Het Europees landbouwbeleid komt van ver. Na de Tweede Wereldoorlog was staatsinterventie in de landbouwsector de norm. In een jaarlijkse marathonzitting legden de ministers van Landbouw de prijzen van de landbouwproducten vast. Ook hoeveel geproduceerd mocht worden, werd centraal gepland. Vandaag is dit moeilijk te geloven, maar toen was van marktwerking geen sprake. Het resultaat? De Unie produceerde boterbergen, verdronk in melkplassen. En zakte weg in de explosief stijgende kosten.
De grootste excessen liggen gelukkig achter ons. Er werd hervormd, meer marktwerking werd toegelaten. Toch lopen de landbouwuitgaven nog altijd op tot 38 procent van de totale EU-begroting, jaarlijks zo’n 60 miljard euro. Ook omdat niet steeds een economische logica, maar wel historisch gegroeide of misgroeide verdeelsleutels regelen hoeveel geld elke lidstaat ontvangt. En dat is niet altijd even eerlijk. De Belgische belastingbetalers dragen meer bij dan onze eigen boeren in totaal ontvangen. Tussen 2000 en 2014 was dat elk jaar gemiddeld 400 miljoen euro meer. Van 2015 tot 2020 loopt dat bedrag zelfs verder op tot gemiddeld jaarlijks 700 miljoen euro. Elke besparing op de Europese totaalkost zou dus een winst moeten betekenen voor onze belastingbetalers.
Kolderprojecten
Op dit moment gaat 80 procent van de Europese inkomenssteun naar 20 procent van de Europese landbouwers. Verhalen over grote landeigenaren, lokale politici ook, die enorme bedragen opstrijken, blijken helaas nog altijd te kloppen. Soms komen subsidies niet terecht bij de boerende boer, maar bij kostelijke kolderprojecten en initiatieven zonder grote meerwaarde. Of houden ze onrendabele bedrijven kunstmatig in leven. Dat is het gevolg van een beleid dat door de enorme schaal nooit ernstig kan worden geëvalueerd. Tot nu. Hopelijk. De speeltijd is voorbij. De Brexit verplicht de EU verstandiger met onze middelen om te springen. Dat kan, door resultaatgerichter beleid te voeren, voor de boer en het Vlaamse platteland.

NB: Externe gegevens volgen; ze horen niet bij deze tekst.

(* Let $X$ be a real Hilbert space and $Y$ a real Banach space. Let $F\colon X\to Y$ be a continuous function and let $L>0$, and suppose that for every $n\ge 1$, all $x_1,\ldots,x_n \in X$ and all $\lambda_1,\ldots,\lambda_n \ge 0$ with $\sum_{i=1}^n \lambda_i = 1$, $$\Big\| F\Big(\sum_{i=1}^n \lambda_i x_i\Big) - \sum_{i=1}^n \lambda_i F(x_i)\Big\| \le \frac{L}{2}\sum_{1\le i<j\le n} \lambda_i\lambda_j \|x_i - x_j\|^2.$$ For each $y^*\in Y^*$ define $\phi_{y^*}\colon X\to\mathbb{R}$ by $\phi_{y^*}(x) = y^*(F(x))$. Then for each $y^*\in Y^*$ with $\|y^*\|\le 1$, the function $\phi_{y^*}$ is Fréchet differentiable everywhere on $X$ and its gradient $\nabla\phi_{y^*}\colon X\to X$ is $L$-Lipschitz continuous.
   Context: $Y^*$ denotes the (continuous) dual space of $Y$ with the dual norm. The gradient $\nabla\phi_{y^*}(x)\in X$ is the Riesz representative of the Fréchet derivative of $\phi_{y^*}$ at $x$. *)

theory Defs
  imports "HOL-Analysis.Analysis"
begin

end

theory Submission
  imports Defs
begin

text \<open>
  Taking two points in the hypothesis shows that \<open>F\<close>, and hence \<open>\<phi> = y\<^sup>* \<circ> F\<close> for
  \<open>\<parallel>y\<^sup>*\<parallel> \<le> 1\<close>, is affine up to the error \<open>L/2 \<mu>(1-\<mu>)\<parallel>a - b\<parallel>\<^sup>2\<close>. Along every ray the
  difference quotients \<open>(\<phi>(x + t h) - \<phi> x) / t\<close> are then Lipschitz in \<open>t\<close> with constant
  \<open>L/2 \<parallel>h\<parallel>\<^sup>2\<close>, so they converge as \<open>t \<rightarrow> 0\<close>, with error \<open>L/2 \<parallel>h\<parallel>\<^sup>2 t\<close>. The limit is additive
  (compare the quotients at \<open>h\<close>, \<open>k\<close> and \<open>h + k\<close> through the midpoint estimate) and
  positively homogeneous, and it is bounded because \<open>\<phi>\<close> is continuous; by the Riesz
  representation theorem it is \<open>h \<mapsto> \<nabla>\<phi>(x) \<bullet> h\<close>, and
  \<open>\<bar>\<phi>(x + h) - \<phi> x - \<nabla>\<phi>(x) \<bullet> h\<bar> \<le> L/2 \<parallel>h\<parallel>\<^sup>2\<close>. This bound makes \<open>\<phi>\<close> Frechet differentiable,
  and it makes \<open>\<phi> + L/2 \<parallel>\<cdot>\<parallel>\<^sup>2\<close> convex and \<open>2L\<close>-smooth; the co-coercivity of gradients of such
  functions yields that \<open>\<nabla>\<phi>\<close> is \<open>L\<close>-Lipschitz.
\<close>

definition approx_affine :: "real \<Rightarrow> ('a::real_normed_vector \<Rightarrow> 'b::real_normed_vector) \<Rightarrow> bool" where
  "approx_affine L f \<longleftrightarrow> (\<forall>a b \<mu>. 0 \<le> \<mu> \<longrightarrow> \<mu> \<le> 1 \<longrightarrow>
     norm (f (\<mu> *\<^sub>R a + (1 - \<mu>) *\<^sub>R b) - (\<mu> *\<^sub>R f a + (1 - \<mu>) *\<^sub>R f b))
       \<le> L / 2 * (\<mu> * (1 - \<mu>) * (norm (a - b))\<^sup>2))"

lemma approx_affineD:
  assumes "approx_affine L f" "0 \<le> \<mu>" "\<mu> \<le> 1"
  shows "norm (f (\<mu> *\<^sub>R a + (1 - \<mu>) *\<^sub>R b) - (\<mu> *\<^sub>R f a + (1 - \<mu>) *\<^sub>R f b))
           \<le> L / 2 * (\<mu> * (1 - \<mu>) * (norm (a - b))\<^sup>2)"
  using assms unfolding approx_affine_def by blast

lemma approx_affine_blinfun_compose:
  assumes "approx_affine L f" "norm T \<le> 1"
  shows "approx_affine L (\<lambda>x. blinfun_apply T (f x))"
  unfolding approx_affine_def
proof (intro allI impI)
  fix a b and \<mu> :: real assume \<mu>: "0 \<le> \<mu>" "\<mu> \<le> 1"
  let ?e = "f (\<mu> *\<^sub>R a + (1 - \<mu>) *\<^sub>R b) - (\<mu> *\<^sub>R f a + (1 - \<mu>) *\<^sub>R f b)"
  have "norm (T ?e) \<le> norm T * norm ?e" by (rule norm_blinfun)
  also have "\<dots> \<le> norm ?e" using assms(2) by (simp add: mult_left_le_one_le)
  also have "\<dots> \<le> L / 2 * (\<mu> * (1 - \<mu>) * (norm (a - b))\<^sup>2)" using approx_affineD[OF assms(1) \<mu>] .
  finally show "norm (T (f (\<mu> *\<^sub>R a + (1 - \<mu>) *\<^sub>R b)) - (\<mu> *\<^sub>R T (f a) + (1 - \<mu>) *\<^sub>R T (f b)))
      \<le> L / 2 * (\<mu> * (1 - \<mu>) * (norm (a - b))\<^sup>2)"
    by (simp add: blinfun.bilinear_simps)
qed

lemma approx_affine_if_convex_combination_bound:
  fixes F :: "'a::real_normed_vector \<Rightarrow> 'b::real_normed_vector"
  assumes "\<And>(n::nat) (x::nat \<Rightarrow> 'a) (lam::nat \<Rightarrow> real).
        n \<ge> 1 \<Longrightarrow> (\<forall>i\<in>{1..n}. lam i \<ge> 0) \<Longrightarrow> (\<Sum>i=1..n. lam i) = 1 \<Longrightarrow>
        norm (F (\<Sum>i=1..n. lam i *\<^sub>R x i) - (\<Sum>i=1..n. lam i *\<^sub>R F (x i)))
          \<le> L / 2 * (\<Sum>i=1..n. \<Sum>j\<in>{i<..n}. lam i * lam j * (norm (x i - x j))\<^sup>2)"
  shows "approx_affine L F"
  unfolding approx_affine_def
proof (intro allI impI)
  fix a b and \<mu> :: real assume "0 \<le> \<mu>" "\<mu> \<le> 1"
  moreover have "{1..2::nat} = {1, 2}" "{1<..2::nat} = {2}" "{2<..2::nat} = {}"
    by auto
  ultimately show "norm (F (\<mu> *\<^sub>R a + (1 - \<mu>) *\<^sub>R b) - (\<mu> *\<^sub>R F a + (1 - \<mu>) *\<^sub>R F b))
      \<le> L / 2 * (\<mu> * (1 - \<mu>) * (norm (a - b))\<^sup>2)"
    using assms[of 2 "\<lambda>i. if i = 1 then \<mu> else 1 - \<mu>" "\<lambda>i. if i = 1 then a else b"] by simp
qed

definition diff_quotient :: "('a::real_normed_vector \<Rightarrow> 'b::real_normed_vector) \<Rightarrow> 'a \<Rightarrow> 'a \<Rightarrow> real \<Rightarrow> 'b" where
  "diff_quotient f x h t = (f (x + t *\<^sub>R h) - f x) /\<^sub>R t"

lemma approx_affine_diff_quotient_lipschitz:
  assumes "approx_affine L f" "0 \<le> L"
  shows "(L / 2 * (norm h)\<^sup>2)-lipschitz_on {0<..} (diff_quotient f x h)"
proof -
  have le: "dist (diff_quotient f x h s) (diff_quotient f x h t) \<le> L / 2 * (norm h)\<^sup>2 * (t - s)"
    if st: "0 < s" "s \<le> t" for s t
  proof -
    define \<mu> where "\<mu> = s / t"
    have \<mu>: "0 \<le> \<mu>" "\<mu> \<le> 1" "\<mu> * t = s" using st by (auto simp: \<mu>_def)
    let ?e = "f (x + s *\<^sub>R h) - (\<mu> *\<^sub>R f (x + t *\<^sub>R h) + (1 - \<mu>) *\<^sub>R f x)"
    have "\<mu> *\<^sub>R (x + t *\<^sub>R h) + (1 - \<mu>) *\<^sub>R x = x + s *\<^sub>R h"
      using \<mu>(3) by (simp add: algebra_simps)
    then have "norm ?e \<le> L / 2 * (\<mu> * (1 - \<mu>) * (norm (t *\<^sub>R h))\<^sup>2)"
      using approx_affineD[OF assms(1) \<mu>(1,2), of "x + t *\<^sub>R h" x] by simp
    also have "\<dots> = s * (L / 2 * (norm h)\<^sup>2 * (t - s))"
      using st by (simp add: \<mu>_def power2_eq_square field_simps)
    finally have "norm ?e \<le> s * (L / 2 * (norm h)\<^sup>2 * (t - s))" .
    moreover have "?e = s *\<^sub>R (diff_quotient f x h s - diff_quotient f x h t)"
      using st by (simp add: diff_quotient_def \<mu>_def divide_inverse algebra_simps)
    ultimately show ?thesis
      using st by (simp add: dist_norm mult_le_cancel_left_pos)
  qed
  show ?thesis
  proof (rule lipschitz_onI)
    fix s t :: real assume "s \<in> {0<..}" "t \<in> {0<..}"
    then show "dist (diff_quotient f x h s) (diff_quotient f x h t) \<le> L / 2 * (norm h)\<^sup>2 * dist s t"
      using le[of s t] le[of t s] by (cases "s \<le> t") (auto simp: dist_real_def dist_commute)
  qed (use assms(2) in simp)
qed

lemma lipschitz_on_pos_reals_limit_at_0:
  fixes q :: "real \<Rightarrow> 'b::complete_space"
  assumes "C-lipschitz_on {0<..} q"
  obtains l where "\<And>t. 0 < t \<Longrightarrow> dist l (q t) \<le> C * t"
proof -
  define s :: "nat \<Rightarrow> real" where "s n = inverse (real (Suc n))" for n
  have s: "s \<longlonglongrightarrow> 0" "\<And>n. s n \<in> {0<..}"
    unfolding s_def by (rule LIMSEQ_inverse_real_of_nat) simp
  have "Cauchy (\<lambda>n. q (s n))"
    using lipschitz_on_uniformly_continuous[OF assms] LIMSEQ_imp_Cauchy[OF s(1)] s(2)
    by (rule uniformly_continuous_on_Cauchy)
  then obtain l where l: "(\<lambda>n. q (s n)) \<longlonglongrightarrow> l"
    by (auto simp: Cauchy_convergent_iff convergent_def)
  show thesis
  proof (rule that)
    fix t :: real assume "0 < t"
    have "(\<lambda>n. dist (q (s n)) (q t)) \<longlonglongrightarrow> dist l (q t)"
      by (intro tendsto_intros l)
    moreover have "(\<lambda>n. C * dist (s n) t) \<longlonglongrightarrow> C * dist 0 t"
      by (intro tendsto_intros s(1))
    moreover have "dist (q (s n)) (q t) \<le> C * dist (s n) t" for n
      using assms s(2) \<open>0 < t\<close> by (intro lipschitz_onD) auto
    ultimately have "dist l (q t) \<le> C * dist 0 t"
      by (intro LIMSEQ_le) auto
    then show "dist l (q t) \<le> C * t"
      using \<open>0 < t\<close> by (simp add: dist_real_def)
  qed
qed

De Brexit als schoktherapie dus, waarbij de taboes van weleer worden doorbroken. Zodat de EU met een kleiner totaalbudget meer bereikt. Met een nieuw landbouwbeleid dat eerlijker, eenvoudiger, verstandiger en doeltreffender is.
Het heeft bijvoorbeeld geen enkele zin om elke Europese landbouwonderneming te onderwerpen aan dezelfde regeltjes. De strategische doelstellingen zijn vaak goed, de concrete uitwerking is dat minder. Regels over broodnodige innovatie en vergroening worden van bovenaf tot in het kleinste detail uitgetekend, gelijk voor elke boer. De uniforme EU-aanpak leidt niet alleen tot wrevel en onbegrip bij landbouwers, maar verhindert ook doeltreffend maatwerk gericht op de natuurlijke regionale eigenheden. Dé Europese boer bestaat immers niet.
Die Europese diversiteit en regionale verschillen worden vandaag al te vaak vergeten. En de verantwoordelijkheidszin van de degelijke landbouwer-ondernemer onderschat. Meer flexibiliteit kan ertoe leiden dat onze landbouwers een beleid op maat krijgen aangeboden én een deftig inkomen kunnen opbouwen.
Radicalere optie
Of zouden we, als het even mag, nog wat meer mogen dromen? Niet enkel van een hervormd gemeenschappelijk landbouwbeleid, maar tegelijk van de radicalere optie. Zou het niet efficiënter zijn om het grootste stuk van het beleid over te hevelen naar de lidstaten en de regio’s? De EU zou zich dan beperken tot een algemener Europees strategisch kader, want de regionale overheden zijn beter geplaatst om maatregelen te treffen die op het veld alle landbouwers en plattelandslandsgebruikers kunnen verzoenen.
Weg dan met de tussenschotten tussen de verschillende programma’s, weg met het Europese papierwerk. Vlaanderen zou dan zelf zijn landbouwbeleid kunnen voeren. En we zouden niet langer elk jaar 700 miljoen Belgische belastingcenten zien vertrekken naar boeren in andere Europese landen…
Een eenvoudiger kader met beduidend meer zeggenschap voor Vlaanderen zou alvast een verbetering zijn. Voor onze landbouwers die een beleid op hun noden krijgen binnen ambitieuze doelstellingen, voor onze consumenten die kunnen genieten van heerlijke producten van eigen streek, en voor de belastingbetalers die de EU terecht en verstandig zien besparen.